One demonstration of this prioritization is that blood osmolality—the balance of water to dissolved substances—remains remarkably consistent in people with widely different levels of habitual water intake. Thus, the intravascular compartment’s volume is maintained, but if enough fluid for this purpose is not provided by an external source (i.e., food or drink), the water has to come from somewhere within the body. This need can arise, for example, when “ad libitum” intake (fluid intake based on sensations of thirst or desire for liquid) is subject to “unconscious, involuntary dehydration,” where the individual drinks to satiety but does not overcome a water deficit (Stookey, Hamer & Killilea 2017).
What About Electrolytes?
Maintenance of TBW depends not only on fluid ingestion but also on electrolyte concentration gradients in the fluid compartments. Electrolytes are electrically charged particles (anions or cations) from salts dissolved in water, and they are important for both rehydration (fluid replacement) and the capacity to hold onto a higher level of body water.

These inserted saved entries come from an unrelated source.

lemma induced_hom_tb_gen_red_image:
  assumes "y \<in> tb_gens n"
  shows "induced_hom (TB n) tb_gen (red_image y) = tb_gen y"
  using assms
proof (cases y)
  case (TSig i)
  then have i: "1 \<le> i" "(i - 1) + 2 \<le> n" using assms by (auto simp: tb_gens_def)
  then have "red_image y = pres_class (red_gens n) (red_rels n) (sig_word (i - 1))"
    by (simp add: TSig red_image_def RedTB_sig_word)
  then show ?thesis
    using i by (simp add: TSig induced_hom_TB_class wf_sig_word TB_sig_word tb_gen_TSig)
next
  case (TVir i)
  then have "1 \<le> i" "i + 1 \<le> n" using assms by (auto simp: tb_gens_def)
  then show ?thesis
    using induced_hom_TB_class[of "v i"]
    by (simp add: TVir red_image_def gen_class_def red_gens_def tb_gens_def v_def le_diff_iff_add_le)
next
  case (TBar i)
  then have i: "1 \<le> i" "(i - 1) + 1 \<le> n" using assms by (auto simp: tb_gens_def)
  then have "red_image y = pres_class (red_gens n) (red_rels n) (bar_word (i - 1))"
    by (simp add: TBar red_image_def RedTB_bar_word)
  then show ?thesis
    using i by (simp add: TBar induced_hom_TB_class wf_bar_word TB_bar_word tb_gen_TBar)
qed

lemma induced_hom_TB_iso: "induced_hom (TB n) tb_gen \<in> iso (RedTB n) (TB n)"
  using induced_hom_red_image_tb_gen induced_hom_tb_gen_red_image satisfies_tb_gen satisfies_red_image
    red_image_closed
  unfolding RedTB_def TB_def by (intro induced_hom_iso) (auto simp: gen_class_closed)

end

theorem theorem9:
  fixes n :: nat
  assumes "n \<ge> 4"
  shows "\<exists>h. h \<in> iso (RedTB n) (TB n)
     \<and> h (pres_class (red_gens n) (red_rels n) (s 1)) = pres_class (tb_gens n) (tb_rels n) (s 1)
     \<and> h (pres_class (red_gens n) (red_rels n) (b 1)) = pres_class (tb_gens n) (tb_rels n) (b 1)
     \<and> (\<forall>i. 1 \<le> i \<and> i \<le> n - 1 \<longrightarrow>
          h (pres_class (red_gens n) (red_rels n) (v i)) = pres_class (tb_gens n) (tb_rels n) (v i))
     \<and> (\<forall>i. 1 \<le> i \<and> i \<le> n - 2 \<longrightarrow>
          h (pres_class (red_gens n) (red_rels n) (sig_word i)) = pres_class (tb_gens n) (tb_rels n) (s (i+1)))
     \<and> (\<forall>i. 1 \<le> i \<and> i \<le> n - 1 \<longrightarrow>
          h (pres_class (red_gens n) (red_rels n) (bar_word i)) = pres_class (tb_gens n) (tb_rels n) (b (i+1)))"
proof -
  interpret twisted_braid_index n using assms by unfold_locales
  let ?h = "induced_hom (TB n) tb_gen"
  show ?thesis
  proof (intro exI conjI allI impI)
    show "?h \<in> iso (RedTB n) (TB n)"
      by (rule induced_hom_TB_iso)
    show "?h (pres_class (red_gens n) (red_rels n) (s 1)) = pres_class (tb_gens n) (tb_rels n) (s 1)"
      "?h (pres_class (red_gens n) (red_rels n) (b 1)) = pres_class (tb_gens n) (tb_rels n) (b 1)"
      by (rule induced_hom_TB_class wf_red_letters)+
    show "?h (pres_class (red_gens n) (red_rels n) (v i)) = pres_class (tb_gens n) (tb_rels n) (v i)"
      if "1 \<le> i \<and> i \<le> n - 1" for i
      using that assms by (intro induced_hom_TB_class wf_red_letters) auto
    show "?h (pres_class (red_gens n) (red_rels n) (sig_word i)) =
      pres_class (tb_gens n) (tb_rels n) (s (i + 1))"
      if "1 \<le> i \<and> i \<le> n - 2" for i
      using that assms by (auto simp: induced_hom_TB_class wf_sig_word TB_sig_word)
    show "?h (pres_class (red_gens n) (red_rels n) (bar_word i)) =
      pres_class (tb_gens n) (tb_rels n) (b (i + 1))"
      if "1 \<le> i \<and> i \<le> n - 1" for i
      using that assms by (auto simp: induced_hom_TB_class wf_bar_word TB_bar_word)
  qed
qed

end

Predominant osmolytes in the ICF and ECF are the electrolytes potassium (K+) and sodium (Na+), respectively. Sodium exerts the strongest influence because of its role as primary driver of volume in the extracellular compartments (Leiper 2015).
This information is particularly important when working with endurance athletes, because Na+ is a primary component of sweat, and people with a faster sweat rate will lose more sodium in a given exercise session (Armstrong et al. 2010). Fluid to form sweat is drawn from blood plasma, so exercise of longer duration poses a challenge to blood volume and viscosity. As plasma volume decreases, its tonicity increases, thus pulling water out of the body’s cells.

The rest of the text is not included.